_TASK MATERIAL:_
┄┄┄┄┄┄┄┄┄┄┄┄┄┄┄┄┄┄┄┄

definition chi_dd :: "'a set \<Rightarrow> 'a set set \<Rightarrow> nat" where
  "chi_dd V E = (LEAST n. \<exists>f. dom_coloring V E f \<and> card (f ` V) = n)"

definition W_plus_V :: "'a set \<Rightarrow> 'a \<Rightarrow> 'a set" where
  "W_plus_V V x = insert x V"

definition W_plus_E :: "'a set set \<Rightarrow> 'a list \<Rightarrow> 'a \<Rightarrow> 'a set set" where
  "W_plus_E E c x = E \<union> {{x, v} | v. v \<in> set c}"

end

theory Submission
  imports Defs
begin

(* Upper bound: give x a colour of its own. Then {x} is a colour class dominated by x, and
   every old colour class keeps its dominating vertex, since closed neighbourhoods only grow.

   Lower bound: restrict an optimal domination colouring of W+(G) to V and give each vertex of
   the cycle a new colour of its own, adding at most l colours. The new singleton classes are
   dominated by their elements. Every other class lies in an old class, and the vertex dominating
   that old class cannot be x, because x is adjacent only to cycle vertices; so it dominates the
   new class in G as well. Conversely a vertex w off the cycle is not adjacent to x, so the old
   class it dominates lies in V, and w dominates the new class of any of its members. *)

definition join_vertex :: "'a set set \<Rightarrow> 'a set \<Rightarrow> 'a \<Rightarrow> 'a set set" where
  "join_vertex E S x = E \<union> {{x, v} | v. v \<in> S}"

lemma W_plus_E_eq_join_vertex: "W_plus_E E c x = join_vertex E (set c) x"
  unfolding W_plus_E_def join_vertex_def ..

lemma adj_join_vertex_iff:
  "adj (join_vertex E S x) u v \<longleftrightarrow> adj E u v \<or> (u = x \<and> v \<in> S) \<or> (v = x \<and> u \<in> S)"
  unfolding adj_def join_vertex_def by (auto simp: doubleton_eq_iff)

lemma closed_nbhd_subset_join_vertex: "closed_nbhd E w \<subseteq> closed_nbhd (join_vertex E S x) w"
  unfolding closed_nbhd_def by (auto simp: adj_join_vertex_iff)

lemma simple_graph_adjD:
  assumes "simple_graph V E" and "adj E u v"
  shows "u \<in> V" and "v \<in> V" and "u \<noteq> v"
proof -
  have "{u, v} \<subseteq> V" and "card {u, v} = 2"
    using assms unfolding simple_graph_def adj_def by auto
  then show "u \<in> V" and "v \<in> V" and "u \<noteq> v" by auto
qed

lemma simple_graph_join_vertex:
  assumes "simple_graph V E" and "S \<subseteq> V" and "x \<notin> V"
  shows "simple_graph (insert x V) (join_vertex E S x)"
proof -
  have "card {x, v} = 2" if "v \<in> S" for v
  proof -
    have "x \<noteq> v" using that assms(2,3) by blast
    then show ?thesis by simp
  qed
  then show ?thesis
    using assms unfolding simple_graph_def join_vertex_def by auto
qed

lemma self_in_closed_nbhd: "w \<in> closed_nbhd E w"
  unfolding closed_nbhd_def by simp

lemma color_class_subset: "color_class V f k \<subseteq> V"
  unfolding color_class_def by simp

lemma self_in_color_class: "u \<in> V \<Longrightarrow> u \<in> color_class V f (f u)"
  unfolding color_class_def by simp

lemma dom_coloring_iff:
  "dom_coloring V E f \<longleftrightarrow> proper_coloring V E f
     \<and> (\<forall>w\<in>V. \<exists>u\<in>V. color_class V f (f u) \<subseteq> closed_nbhd E w)
     \<and> (\<forall>u\<in>V. \<exists>w\<in>V. color_class V f (f u) \<subseteq> closed_nbhd E w)"
  unfolding dom_coloring_def by simp

lemma chi_dd_le_card: "dom_coloring V E f \<Longrightarrow> chi_dd V E \<le> card (f ` V)"
  unfolding chi_dd_def by (rule Least_le) blast

lemma dom_coloring_if_inj_on:
  assumes "simple_graph V E" and "inj_on f V"
  shows "dom_coloring V E f"
proof -
  have "color_class V f (f w) = {w}" if "w \<in> V" for w
    using assms(2) that unfolding color_class_def inj_on_def by blast
  then have "color_class V f (f w) \<subseteq> closed_nbhd E w" if "w \<in> V" for w
    using that self_in_closed_nbhd by simp
  moreover have "f u \<noteq> f v" if "adj E u v" for u v
    using simple_graph_adjD[OF assms(1) that] assms(2) by (auto dest: inj_onD)
  ultimately show ?thesis
    unfolding dom_coloring_iff proper_coloring_def by blast
qed

lemma chi_dd_attained:
  assumes "simple_graph V E"
  shows "\<exists>f. dom_coloring V E f \<and> card (f ` V) = chi_dd V E"
proof -
  obtain f :: "_ \<Rightarrow> nat" where "inj_on f V"
    using finite_imp_inj_to_nat_seg assms unfolding simple_graph_def by metis
  then have "dom_coloring V E f"
    using assms by (rule dom_coloring_if_inj_on[rotated])
  then have "\<exists>n f. dom_coloring V E f \<and> card (f ` V) = n"
    by blast
  then show ?thesis
    unfolding chi_dd_def by (rule LeastI_ex)
qed

lemma fresh_inj_colors:
  assumes "finite S" and "finite A"
  obtains \<phi> :: "'a \<Rightarrow> nat" where "inj_on \<phi> S" and "\<phi> ` S \<inter> A = {}"
proof -
  obtain \<phi>\<^sub>0 :: "'a \<Rightarrow> nat" where inj: "inj_on \<phi>\<^sub>0 S"
    using finite_imp_inj_to_nat_seg assms(1) by metis
  let ?\<phi> = "\<lambda>v. Suc (Max A) + \<phi>\<^sub>0 v"
  have "inj_on ?\<phi> S"
    using inj by (auto simp: inj_on_def)
  moreover have "?\<phi> ` S \<inter> A = {}"
    using Max_ge[OF assms(2)] by fastforce
  ultimately show ?thesis by (rule that)
qed

context
  fixes V :: "'a set" and E :: "'a set set" and S :: "'a set" and x :: 'a
  assumes graph: "simple_graph V E" and S_subset: "S \<subseteq> V" and x_new: "x \<notin> V"
begin

lemma not_adj_new_vertex: "\<not> adj E x u" "\<not> adj E u x"
  using simple_graph_adjD[OF graph] x_new by blast+

lemma closed_nbhd_join_vertex_new: "closed_nbhd (join_vertex E S x) x = insert x S"
  unfolding closed_nbhd_def by (auto simp: adj_join_vertex_iff not_adj_new_vertex)

lemma closed_nbhd_join_vertex_inter:
  assumes "w \<in> V"
  shows "closed_nbhd (join_vertex E S x) w \<inter> V = closed_nbhd E w"
  using assms x_new simple_graph_adjD[OF graph]
  unfolding closed_nbhd_def by (auto simp: adj_join_vertex_iff)

lemma new_vertex_notin_closed_nbhd:
  assumes "w \<in> V" and "w \<notin> S"
  shows "x \<notin> closed_nbhd (join_vertex E S x) w"
  using assms x_new unfolding closed_nbhd_def by (auto simp: adj_join_vertex_iff not_adj_new_vertex)

lemma proper_coloring_join_vertex_fresh:
  assumes f_proper: "proper_coloring V E f" and fresh: "N \<notin> f ` V"
  shows "proper_coloring (insert x V) (join_vertex E S x) (f(x := N))"
  unfolding proper_coloring_def
proof (intro ballI impI)
  fix u v
  assume "adj (join_vertex E S x) u v"
  have h_old: "(f(x := N)) v = f v" and N_fresh: "f v \<noteq> N" if "v \<in> V" for v
    using that x_new fresh by auto
  from \<open>adj (join_vertex E S x) u v\<close> show "(f(x := N)) u \<noteq> (f(x := N)) v"
    unfolding adj_join_vertex_iff
  proof (elim disjE conjE)
    assume "adj E u v"
    moreover from this have "u \<in> V" and "v \<in> V"
      by (rule simple_graph_adjD[OF graph])+
    ultimately show ?thesis
      using f_proper unfolding proper_coloring_def by (simp add: h_old del: fun_upd_apply)
  next
    assume "u = x" and "v \<in> S"
    with S_subset x_new h_old N_fresh show ?thesis
      by auto
  next
    assume "v = x" and "u \<in> S"
    with S_subset x_new h_old N_fresh show ?thesis
      by auto
  qed
qed

lemma dom_coloring_join_vertex_fresh:
  assumes f: "dom_coloring V E f" and fresh: "N \<notin> f ` V"
  shows "dom_coloring (insert x V) (join_vertex E S x) (f(x := N))"
proof -
  let ?V = "insert x V" and ?H = "join_vertex E S x" and ?h = "f(x := N)"
  have old_class: "color_class ?V ?h (?h u) = color_class V f (f u)" if "u \<in> V" for u
    using that fresh x_new unfolding color_class_def by auto
  have new_class: "color_class ?V ?h (?h x) = {x}"
    using fresh x_new unfolding color_class_def by auto
  have f_proper: "proper_coloring V E f"
    and f_dominating: "\<forall>w\<in>V. \<exists>u\<in>V. color_class V f (f u) \<subseteq> closed_nbhd E w"
    and f_dominated: "\<forall>u\<in>V. \<exists>w\<in>V. color_class V f (f u) \<subseteq> closed_nbhd E w"
    using f unfolding dom_coloring_iff by auto
  have "proper_coloring ?V ?H ?h"
    using f_proper fresh by (rule proper_coloring_join_vertex_fresh)
  moreover have "\<exists>u\<in>?V. color_class ?V ?h (?h u) \<subseteq> closed_nbhd ?H w" if "w \<in> ?V" for w
  proof (cases "w = x")
    case True
    then show ?thesis
      using new_class self_in_closed_nbhd by auto
  next
    case False
    with that have "w \<in> V" by simp
    then obtain u where "u \<in> V" and "color_class V f (f u) \<subseteq> closed_nbhd E w"
      using f_dominating by blast
    then have "color_class ?V ?h (?h u) \<subseteq> closed_nbhd ?H w"
      using old_class closed_nbhd_subset_join_vertex by (metis subset_trans)
    with \<open>u \<in> V\<close> show ?thesis by blast
  qed
  moreover have "\<exists>w\<in>?V. color_class ?V ?h (?h u) \<subseteq> closed_nbhd ?H w" if "u \<in> ?V" for u
  proof (cases "u = x")
    case True
    then show ?thesis
      using new_class self_in_closed_nbhd by auto
  next
    case False
    with that have "u \<in> V" by simp
    then obtain w where "w \<in> V" and "color_class V f (f u) \<subseteq> closed_nbhd E w"
      using f_dominated by blast
    then have "color_class ?V ?h (?h u) \<subseteq> closed_nbhd ?H w"
      using old_class[OF \<open>u \<in> V\<close>] closed_nbhd_subset_join_vertex by (metis subset_trans)
    with \<open>w \<in> V\<close> show ?thesis by blast
  qed
  ultimately show ?thesis
    unfolding dom_coloring_iff by blast
qed

lemma chi_dd_join_vertex_le: "chi_dd (insert x V) (join_vertex E S x) \<le> chi_dd V E + 1"
proof -
  obtain f where f: "dom_coloring V E f" and card_f: "card (f ` V) = chi_dd V E"
    using chi_dd_attained[OF graph] by blast
  have "finite (f ` V)"
    using graph unfolding simple_graph_def by simp
  then obtain N where fresh: "N \<notin> f ` V"
    using ex_new_if_finite infinite_UNIV_nat by blast
  have "chi_dd (insert x V) (join_vertex E S x) \<le> card (f(x := N) ` insert x V)"
    by (rule chi_dd_le_card[OF dom_coloring_join_vertex_fresh[OF f fresh]])
  also have "f(x := N) ` insert x V = insert N (f ` V)"
    using x_new by auto
  also have "card \<dots> \<le> card (f ` V) + 1"
    by (simp add: card_insert_le_m1 card_insert_if)
  finally show ?thesis
    using card_f by simp
qed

┄┄┄┄┄┄┄┄┄┄┄┄┄┄┄┄┄┄┄┄

In the records above, find the lines containing "cycle" and copy them.

_WRITTEN SOLUTION:_
   the cycle a new colour of its own, adding at most l colours. The new singleton classes are
   that old class cannot be x, because x is adjacent only to cycle vertices; so it dominates the
   new class in G as well. Conversely a vertex w off the cycle is not adjacent to x, so the old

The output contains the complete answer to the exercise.